Why are stability-indicating methods important in pharmaceutical analysis?
The stability-indicating assay is perhaps the single application of HPLC that has the most impact. It is the method used to establish shelf-life for pharmaceuticals. It is this HPLC assay that determines the expiry date of a drug. A pharmaceutical company will conduct thousands of stability studies to establish the shelf lives of their products.
HPLC and mass spectrometry each account for only about $5 billion of global sales. In contrast, pharmaceutical global sales are about $1.3 trillion. Even though the value of HPLC equipment sales is minuscule compared to pharmaceutical sales, HPLC is very important in affecting health and well-being when it comes to the drug development process and production.
Before a drug can be marketed it needs to have proven safety and efficacy - both depend on the purity of the drug. Impurities can make the drug unsafe and the level of drug potency depends on how much of the active pharmaceutical ingredient (API) is present. In order for pharmaceutical companies to be certain of the purity of their drugs they conduct numerous quality control analyses.
Acceptable potency is specified for each drug using the HPLC stability-indicating assay, which ensures that each batch of drug product is within 5-10% of the target level (label claim). Similarly, it must confirm that the level of impurities is acceptably low, for example, a maximum of 0.1 - 1% of the total drug. HPLC is a primary tool for the quality control of pharmaceuticals, for both large and small molecules.

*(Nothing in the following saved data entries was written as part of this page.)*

(* Assume $n$ is even. If $n\equiv 0\pmod 4$ and $q$ is odd, then exactly two lines of $\mathcal D$ are fixed (setwise) by $j$; otherwise exactly one line of $\mathcal D$ is fixed by $j$.
   Context: Let $q$ be a prime power, $F=\mathbb F_q$, $n\ge 2$ an integer, and $L=\mathbb F_{q^n}\supseteq F$. Regard $L$ as an $n$-dimensional $F$-vector space; $\mathrm{PG}(n-1,q)$ denotes the projective space whose points are the one-dimensional $F$-subspaces $Fx$, $x\in L^*$, and whose lines are the two-dimensional $F$-subspaces (identified with their sets of points). Define $j:\mathrm{PG}(n-1,q)\to\mathrm{PG}(n-1,q)$ by $j(Fx)=Fx^{-1}$. When $n$ is even, $C$ denotes the unique subfield of $L$ of order $q^2$; for $x\in L^*$, $Cx$ is a two-dimensional $F$-subspace of $L$, regarded as a line of $\mathrm{PG}(n-1,q)$, and $\mathcal D=\{Cx: x\in L^*\}$ is the Desarguesian line spread. A line $\ell$ is fixed by $j$ if $j(\ell)=\ell$ as sets of points. *)

theory Defs
  imports Main "HOL-Computational_Algebra.Primes"
begin

definition is_subfield :: "'a::field set \<Rightarrow> bool" where
  "is_subfield K \<longleftrightarrow> 0 \<in> K \<and> 1 \<in> K \<and>
     (\<forall>x\<in>K. \<forall>y\<in>K. x + y \<in> K \<and> x * y \<in> K) \<and>
     (\<forall>x\<in>K. - x \<in> K) \<and> (\<forall>x\<in>K. x \<noteq> 0 \<longrightarrow> inverse x \<in> K)"

text \<open>The point F x of PG(n-1,q): the one-dimensional F-subspace spanned by x.\<close>
definition pt :: "'a::field set \<Rightarrow> 'a \<Rightarrow> 'a set" where
  "pt F x = (\<lambda>c. c * x) ` F"

definition points :: "'a::field set \<Rightarrow> 'a set set" where
  "points F = {pt F x | x. x \<noteq> 0}"

definition jmap :: "'a::field set \<Rightarrow> 'a set \<Rightarrow> 'a set" where
  "jmap F P = pt F (inverse (SOME x. x \<noteq> 0 \<and> P = pt F x))"

text \<open>The line C x (a 2-dimensional F-subspace), identified with its set of points.\<close>
definition lineD :: "'a::field set \<Rightarrow> 'a set \<Rightarrow> 'a \<Rightarrow> 'a set set" where
  "lineD F C x = {pt F y | y. y \<in> (\<lambda>c. c * x) ` C \<and> y \<noteq> 0}"

definition spreadD :: "'a::field set \<Rightarrow> 'a set \<Rightarrow> 'a set set set" where
  "spreadD F C = {lineD F C x | x. x \<noteq> 0}"

end

theory Submission
  imports Defs "HOL-Computational_Algebra.Polynomial"
begin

The stability-indicating assay for drug purity is important because the purity of drugs is equated with quality and safety. Stability studies are required by regulatory bodies such as the US FDA (United States Food and Drug Administration), or the EMA (European Medicines Agency) in Europe. The purity of the drug must be within specification before it can be sold (release testing) and within the stated expiration date under the recommended storage conditions. Consequently, HPLC is pivotal to the pharmaceutical industry and hundreds of thousands of HPLCs are being used for this purpose alone. More than 50% of HPLC is in the pharmaceutical industry.